The Canadian artist Mark Lewis has been at work for some years on a re-treatment of film: like an anatomist, he dissects in his own films, often short pieces, the component parts, and reworks the emblematic figures of the tracking shot, the extra and the credits. He thus offers the viewer an exercise in decoding, a strange experience of déjà vu, and thus puts back together again his own, exploded idea of a “permanent cinema”. 

 

Continuing his cinema in bits operation, the Canadian Mark Lewis will be screening a series of films, old and new: The Fight (2008), Prater Hauptallee (2008), Spadina Reverse Dolly, Zoom, Nude (2006), 122 Leadenhall Street (2007) and Bricklayers Arms (2008) a film coproduced by Le Jeu de Paume.

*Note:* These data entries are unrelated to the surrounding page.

lemma qbinom_mult_qbinom_diff:
  "qbinom q m l * qbinom q (m - l) k
     = qpoch q q m * inv_qpoch q (int l) * inv_qpoch q (int k) * inv_qpoch q (int m - int l - int k)"
proof (cases "l \<le> m")
  case True
  then have "qpoch q q (m - l) * inv_qpoch q (int m - int l) = 1"
    using qpoch_nonzero[of "m - l"] by (simp add: inv_qpoch_def nat_diff_distrib)
  then show ?thesis
    using True by (simp add: qbinom_eq_inv_qpoch of_nat_diff algebra_simps)
qed (simp add: qbinom_def)

end

lemma lin_coeff_identity:
  fixes q y g :: "'a::comm_ring_1"
  assumes "Suc m = L + K + a"
  defines "e \<equiv> \<lambda>K. \<Prod>j<K. - y * q ^ j"
  shows "(1 - q ^ Suc m) * (g * e K * (1 - q ^ b))
    = g * e K * (1 - q ^ a) * (1 - q ^ b) + (1 - q ^ (a + b + K)) * (g * (1 - q ^ L) * e K)
      + (q ^ (a + b + K - 1) - q ^ m) * (g * y * e (K - 1) * (1 - q ^ K))
      - g * (1 - q ^ L) * (1 - q ^ a) * e K"
proof (cases K)
  case 0
  then have "q ^ Suc m = q ^ L * q ^ a"
    using assms(1) by (simp flip: power_add)
  then show ?thesis
    using 0 by (simp add: algebra_simps power_add)
next
  case (Suc K')
  then have "q ^ m = q ^ L * q ^ K' * q ^ a"
    using assms(1) by (simp flip: power_add)
  then show ?thesis
    using Suc by (simp add: e_def algebra_simps power_add)
qed

text \<open>The coefficient of \<open>h_(n+m-2l-k)\<close> in the product formula, divided by \<open>(q;q)_m (q;q)_n\<close>.\<close>

definition lin_coeff :: "complex \<Rightarrow> complex \<Rightarrow> complex \<Rightarrow> nat \<Rightarrow> int \<Rightarrow> int \<Rightarrow> int \<Rightarrow> complex" where
  "lin_coeff q x y n m l k = x ^ nat l * (\<Prod>j<nat k. - y * q ^ j)
     * inv_qpoch q l * inv_qpoch q k * inv_qpoch q (m - l - k) * inv_qpoch q (int n - l - k)"

lemma lin_coeff_nonzeroD:
  assumes "lin_coeff q x y n m l k \<noteq> 0"
  shows "0 \<le> l \<and> 0 \<le> k \<and> l + k \<le> m \<and> l + k \<le> int n"
  using assms by (auto simp: lin_coeff_def inv_qpoch_def split: if_splits)

text \<open>The box is one larger than the support \<open>l + k \<le> n\<close>, so shifting \<open>l\<close> or \<open>k\<close> by one loses no terms.\<close>

definition lin_sum :: "complex \<Rightarrow> complex \<Rightarrow> complex \<Rightarrow> nat \<Rightarrow> int \<Rightarrow> complex" where
  "lin_sum q x y n m = (\<Sum>l=0..int n + 1. \<Sum>k=0..int n + 1.
     lin_coeff q x y n m l k * hq q (nat (int n + m - 2 * l - k)) x y)"

lemma lin_sum_minus_one: "lin_sum q x y n (-1) = 0"
proof -
  have "lin_coeff q x y n (-1) l k = 0" for l k
    using lin_coeff_nonzeroD[of q x y n "-1" l k] by linarith
  then show ?thesis
    by (simp add: lin_sum_def)
qed

context q_not_root_of_unity
begin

What does art enable you to do?

I'm not sure that art enables me to do anything outside its own logic and rules. And this, right now, means for me that I'm trying to introduce something of my daily relation to modern life into forms involving film and photography, the better to understand and appreciate both the image and my everyday life. I suppose, in a more general way, that we might say that according to Kant, the disinterested, objective character of art encourages us to stop, take time, and not reduce an encounter with art to economic ends. But people do so in any event, and they do it in their own way, and not at the request of the work of art. A work is appropriate to this kind of objective involvement or experience, but I don't think that this is produced. Perhaps a sign of quality for art would be that the viewer wants to stop. But then, when you think about it, it's really the doing of the viewer, and not the work of the piece.